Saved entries
(* Let $m\ge 2$ be even and let $\{1,\dots,m\}=J_1\cup J_2$ be a partition with $|J_1|=|J_2|=m/2$. Consider the two-stage robust lot-sizing problem $$\min_{\mathbf x}\ \sum_{i=1}^m c_ix_i+\max_{\mathbf h\in\mathcal U}\ \min_{\mathbf y(\mathbf h)\ge\mathbf 0}\ \sum_{i=1}^m\sum_{j=1}^m d_{ij}y_{ij}(\mathbf h)$$ subject to $x_i+\sum_{j=1}^m y_{ji}(\mathbf h)-\sum_{j=1}^m y_{ij}(\mathbf h)\ge h_i$ for all $i\in[m]$ and all $\mathbf h\in\mathcal U$, and $0\le x_i\le K_i$ for all $i\in[m]$, with data $c_i=0$ for $i\in J_1$, $c_i=1$ for $i\in J_2$, $K_i=1$ for all $i$, $d_{ij}=0$ if $i\in J_1,j\in J_2$ and $d_{ij}=+\infty$ otherwise (so any policy sending positive flow $y_{ij}$ on a pair with $d_{ij}=+\infty$ has infinite cost), and $$\mathcal U=\Big\{\mathbf h\in[0,1]^m \;\Big|\; \sum_{i=1}^m h_i\le m/2\Big\}.$$ Let $z_{\sf AR}(\mathcal U)$ be the optimal value of this problem when $\mathbf y(\mathbf h)\in\mathbb R^{m^2}_+$ may depend arbitrarily on $\mathbf h$, and $z_{\sf Aff}(\mathcal U)$ its optimal value when $\mathbf y(\mathbf h)$ is restricted to be affine in $\mathbf h$, i.e., $\mathbf y(\mathbf h)=\mathbf P\mathbf h+\mathbf q$ with $\mathbf P\in\mathbb R^{m^2\times m}$, $\mathbf q\in\mathbb R^{m^2}$ and $\mathbf P\mathbf h+\mathbf q\ge\mathbf 0$ for all $\mathbf h\in\mathcal U$. Then $z_{\sf AR}(\mathcal U)=0$ and $z_{\sf Aff}(\mathcal U)=m/2-1$. In particular, the ratio between the optimal affine and optimal adjustable values is unbounded. *)

theory Defs
  imports Complex_Main "HOL-Library.Extended_Real"
begin

text \<open>Vectors are functions nat => real indexed by 1..m; flows y i j, costs d i j :: ereal
  (d i j = infinity allowed; Isabelle's convention infinity * 0 = 0, so a policy has
  infinite cost iff it sends positive flow on a pair with infinite cost).\<close>

definition first_stage_feasible :: "nat \<Rightarrow> (nat \<Rightarrow> real) \<Rightarrow> (nat \<Rightarrow> real) \<Rightarrow> bool" where
  "first_stage_feasible m K x \<longleftrightarrow> (\<forall>i\<in>{1..m}. 0 \<le> x i \<and> x i \<le> K i)"
lemma psd_low_rank_reduction:
  fixes X :: "real^'n^'n" and H :: "'i \<Rightarrow> real^'n^'n"
  assumes X: "psd X" and I: "finite I"
  obtains F t where "orthonormal F" "card F \<le> card I + 1" "\<And>v. v \<in> F \<Longrightarrow> 0 \<le> t v"
    "(\<Sum>v\<in>F. t v) = trace X" "\<And>i. i \<in> I \<Longrightarrow> (\<Sum>v\<in>F. t v * (v \<bullet> (H i *v v))) = trace (H i ** X)"
proof -
  obtain B l where B: "orthonormal B" "\<And>u. u \<in> B \<Longrightarrow> 0 \<le> l u" "X = (\<Sum>u\<in>B. l u *\<^sub>R outer u)"
    using psd_spectral_decomposition[OF X] by blast
  have "transpose X = X" using X by (simp add: psd_def)
  have tr: "trace (G ** X) = (\<Sum>u\<in>B. l u * (u \<bullet> (G *v u)))" for G
    unfolding trace_matrix_mult_eq_inner \<open>transpose X = X\<close>
    by (subst B(3)) (simp add: inner_sum_right inner_outer)
  show thesis
  proof (rule caratheodory_reweighting[where \<phi> = outer and h = H, OF orthonormal_imp_finite[OF B(1)] I B(2)])
    fix F t
    assume F: "F \<subseteq> B" "card F \<le> card I + 1" "\<And>u. u \<in> F \<Longrightarrow> 0 \<le> t u"
      "(\<Sum>u\<in>F. t u) = (\<Sum>u\<in>B. l u)"
      "\<And>i. i \<in> I \<Longrightarrow> (\<Sum>u\<in>F. t u * (H i \<bullet> outer u)) = (\<Sum>u\<in>B. l u * (H i \<bullet> outer u))"
    show thesis
    proof (rule that[of F t])
      show "orthonormal F" using orthonormal_subset[OF B(1) F(1)] .
      show "(\<Sum>v\<in>F. t v) = trace X"
        using tr[of "mat 1"] orthonormal_inner[OF B(1)] by (simp add: F(4) matrix_mul_lid)
      show "(\<Sum>v\<in>F. t v * (v \<bullet> (H i *v v))) = trace (H i ** X)" if "i \<in> I" for i
        using F(5)[OF that] by (simp add: tr inner_outer)
    qed (use F in auto)
  qed
qed

section \<open>Random signs\<close>

lemma cosh_le_exp_half_square: "cosh x \<le> exp (x\<^sup>2 / 2)" for x :: real
proof -
  have "cosh y \<le> exp (y\<^sup>2 / 2)" if "0 \<le> y" for y :: real
  proof -
    have "1 + 1 / 2 * (exp (2 * y) - 1) = exp y * cosh y"
      by (simp add: cosh_field_def field_simps flip: exp_add)
    hence "ln (1 + 1 / 2 * (exp (2 * y) - 1)) = y + ln (cosh y)"
      by (simp add: ln_mult)
    with Hoeffdings_lemma_aux[of "2 * y" "1 / 2"] that have "ln (cosh y) \<le> y\<^sup>2 / 2"
      by (simp add: power2_eq_square)
    thus ?thesis by (metis cosh_real_pos exp_le_cancel_iff exp_ln)
  qed
  from this[of "\<bar>x\<bar>"] show ?thesis by simp
qed

text \<open>
  A subset \<open>D \<subseteq> F\<close> encodes the signs \<open>-1\<close> on \<open>D\<close> and \<open>+1\<close> on \<open>F - D\<close>; counting subsets of \<open>F\<close>
  takes the place of the uniform distribution of independent Rademacher signs.
\<close>
definition sign_pattern :: "'a set \<Rightarrow> 'a \<Rightarrow> real" where
  "sign_pattern D v = (if v \<in> D then -1 else 1)"

lemma sign_pattern_square [simp]: "(sign_pattern D v)\<^sup>2 = 1"
  by (simp add: sign_pattern_def)

lemma sum_Pow_exp_signed_sum_le:
  fixes c :: "'a \<Rightarrow> real"
  assumes "finite F"
  shows "(\<Sum>D\<in>Pow F. exp (l * (\<Sum>v\<in>F. sign_pattern D v * c v)))
    \<le> 2 ^ card F * exp (l\<^sup>2 * (\<Sum>v\<in>F. (c v)\<^sup>2) / 2)"
proof -
  have "(\<Sum>D\<in>Pow F. exp (l * (\<Sum>v\<in>F. sign_pattern D v * c v)))
      = (\<Sum>D\<in>Pow F. (\<Prod>v\<in>D. exp (- l * c v)) * (\<Prod>v\<in>F - D. exp (l * c v)))"
  proof (rule sum.cong)
    fix D assume "D \<in> Pow F"
    hence DF: "D \<subseteq> F" by simp
    have "exp (l * (\<Sum>v\<in>F. sign_pattern D v * c v)) = (\<Prod>v\<in>F. exp (l * (sign_pattern D v * c v)))"
      using assms by (simp add: sum_distrib_left exp_sum)
    also have "\<dots> = (\<Prod>v\<in>F - D. exp (l * (sign_pattern D v * c v))) * (\<Prod>v\<in>D. exp (l * (sign_pattern D v * c v)))"
      using prod.subset_diff[OF DF assms] by simp
    also have "\<dots> = (\<Prod>v\<in>F - D. exp (l * c v)) * (\<Prod>v\<in>D. exp (- l * c v))"
      by (intro arg_cong2[where f = "(*)"] prod.cong) (auto simp: sign_pattern_def)
    finally show "exp (l * (\<Sum>v\<in>F. sign_pattern D v * c v))
        = (\<Prod>v\<in>D. exp (- l * c v)) * (\<Prod>v\<in>F - D. exp (l * c v))"
      by (simp only: mult.commute)
  qed simp
  also have "\<dots> = (\<Prod>v\<in>F. exp (- l * c v) + exp (l * c v))"
    by (rule prod_add[OF assms, symmetric])
  also have "\<dots> = (\<Prod>v\<in>F. 2 * cosh (l * c v))"
    by (intro prod.cong) (simp_all add: cosh_field_def)
  also have "\<dots> \<le> (\<Prod>v\<in>F. 2 * exp ((l * c v)\<^sup>2 / 2))"
    by (intro prod_mono) (simp add: cosh_le_exp_half_square)
  also have "\<dots> = 2 ^ card F * exp (l\<^sup>2 * (\<Sum>v\<in>F. (c v)\<^sup>2) / 2)"
    using assms by (simp add: prod.distrib exp_sum sum_distrib_left sum_divide_distrib power_mult_distrib)
  finally show ?thesis .
qed

lemma card_signed_sum_ge_le:
  fixes c :: "'a \<Rightarrow> real"
  assumes F: "finite F" and a: "0 \<le> a" and S: "0 < (\<Sum>v\<in>F. (c v)\<^sup>2)"
  shows "real (card {D\<in>Pow F. a \<le> (\<Sum>v\<in>F. sign_pattern D v * c v)})
    \<le> exp (- a\<^sup>2 / (2 * (\<Sum>v\<in>F. (c v)\<^sup>2))) * 2 ^ card F"
proof -
  define S where "S = (\<Sum>v\<in>F. (c v)\<^sup>2)"
  define l where "l = a / S"
  define Z where "Z = {D\<in>Pow F. a \<le> (\<Sum>v\<in>F. sign_pattern D v * c v)}"
  have l: "0 \<le> l" using a S by (simp add: l_def S_def)
  have "real (card Z) * exp (l * a) = (\<Sum>D\<in>Z. exp (l * a))" by simp
  also have "\<dots> \<le> (\<Sum>D\<in>Z. exp (l * (\<Sum>v\<in>F. sign_pattern D v * c v)))"
    using l by (intro sum_mono) (auto simp: Z_def mult_left_mono)
  also have "\<dots> \<le> (\<Sum>D\<in>Pow F. exp (l * (\<Sum>v\<in>F. sign_pattern D v * c v)))"
    using F by (intro sum_mono2) (auto simp: Z_def)
  also have "\<dots> \<le> 2 ^ card F * exp (l\<^sup>2 * S / 2)"
    using sum_Pow_exp_signed_sum_le[OF F] by (simp add: S_def)
  finally have "real (card Z) \<le> 2 ^ card F * exp (l\<^sup>2 * S / 2 - l * a)"
    by (simp add: exp_diff pos_le_divide_eq)
  also have "l\<^sup>2 * S / 2 - l * a = - a\<^sup>2 / (2 * S)"
    using S by (simp add: l_def S_def field_simps power2_eq_square)
  finally show ?thesis by (simp add: Z_def S_def mult.commute)
qed

lemma card_signed_sum_square_gt_le:
  fixes c :: "'a \<Rightarrow> real"
  assumes F: "finite F" and s: "0 \<le> s"
  shows "real (card {D\<in>Pow F. s * (\<Sum>v\<in>F. (c v)\<^sup>2) < (\<Sum>v\<in>F. sign_pattern D v * c v)\<^sup>2})
    \<le> 2 * exp (- s / 2) * 2 ^ card F"
proof (cases "(\<Sum>v\<in>F. (c v)\<^sup>2) = 0")
  case True
  hence "\<forall>v\<in>F. c v = 0" using F by (simp add: sum_nonneg_eq_0_iff)
  thus ?thesis using True by simp
next
  case False
  define S where "S = (\<Sum>v\<in>F. (c v)\<^sup>2)"
  have S: "0 < S" using False by (simp add: S_def order_le_neq_trans sum_nonneg)
  define a where "a = sqrt (s * S)"
  have a: "0 \<le> a" "a\<^sup>2 = s * S" using s S by (simp_all add: a_def)
  define Up where "Up c' = {D\<in>Pow F. a \<le> (\<Sum>v\<in>F. sign_pattern D v * c' v)}" for c' :: "'a \<Rightarrow> real"
  have tail: "real (card (Up c')) \<le> exp (- s / 2) * 2 ^ card F" if "(\<Sum>v\<in>F. (c' v)\<^sup>2) = S" for c'
    using card_signed_sum_ge_le[OF F a(1), of c'] that S a(2) by (simp add: Up_def)
  have sub: "{D\<in>Pow F. s * S < (\<Sum>v\<in>F. sign_pattern D v * c v)\<^sup>2} \<subseteq> Up c \<union> Up (\<lambda>v. - c v)"
  proof
    fix D assume "D \<in> {D\<in>Pow F. s * S < (\<Sum>v\<in>F. sign_pattern D v * c v)\<^sup>2}"
    hence "D \<in> Pow F" "a\<^sup>2 < (\<Sum>v\<in>F. sign_pattern D v * c v)\<^sup>2" using a(2) by auto
    moreover from this(2) have "a < \<bar>\<Sum>v\<in>F. sign_pattern D v * c v\<bar>"
      using a(1) by (metis abs_le_square_iff abs_of_nonneg not_le)
    ultimately show "D \<in> Up c \<union> Up (\<lambda>v. - c v)" by (auto simp: Up_def sum_negf)
  qed
  have "card {D\<in>Pow F. s * S < (\<Sum>v\<in>F. sign_pattern D v * c v)\<^sup>2} \<le> card (Up c \<union> Up (\<lambda>v. - c v))"
    using F by (intro card_mono[OF _ sub]) (simp add: Up_def)
  also have "\<dots> \<le> card (Up c) + card (Up (\<lambda>v. - c v))"
    by (rule card_Un_le)
  finally have "card {D\<in>Pow F. s * S < (\<Sum>v\<in>F. sign_pattern D v * c v)\<^sup>2} \<le> card (Up c) + card (Up (\<lambda>v. - c v))" .
  hence "real (card {D\<in>Pow F. s * S < (\<Sum>v\<in>F. sign_pattern D v * c v)\<^sup>2})
      \<le> real (card (Up c)) + real (card (Up (\<lambda>v. - c v)))"
    by linarith
  also have "\<dots> \<le> 2 * exp (- s / 2) * 2 ^ card F"
    using tail[of c] tail[of "\<lambda>v. - c v"] by (simp add: S_def)
  finally show ?thesis by (simp add: S_def)
qed

lemma exists_outside_union:
  assumes A: "finite A" and J: "finite J" and E: "\<And>j. j \<in> J \<Longrightarrow> E j \<subseteq> A"
    and small: "(\<Sum>j\<in>J. real (card (E j))) < real (card A)"
  obtains x where "x \<in> A" "\<And>j. j \<in> J \<Longrightarrow> x \<notin> E j"
proof -
  have "real (card (\<Union>j\<in>J. E j)) \<le> (\<Sum>j\<in>J. real (card (E j)))"
    using card_UN_le[OF J, of E] by (simp flip: of_nat_sum)
  with small have "card (\<Union>j\<in>J. E j) < card A" by linarith
  hence "(\<Union>j\<in>J. E j) \<noteq> A" by blast
  moreover have "(\<Union>j\<in>J. E j) \<subseteq> A" using E by blast
  ultimately show thesis using that by blast
qed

-- REQUIREMENT --
What lines above contain the string "from"? Copy all of them.

-- TASK OUTPUT --
  from this[of "\<bar>x\<bar>"] show ?thesis by simp
    moreover from this(2) have "a < \<bar>\<Sum>v\<in>F. sign_pattern D v * c v\<bar>"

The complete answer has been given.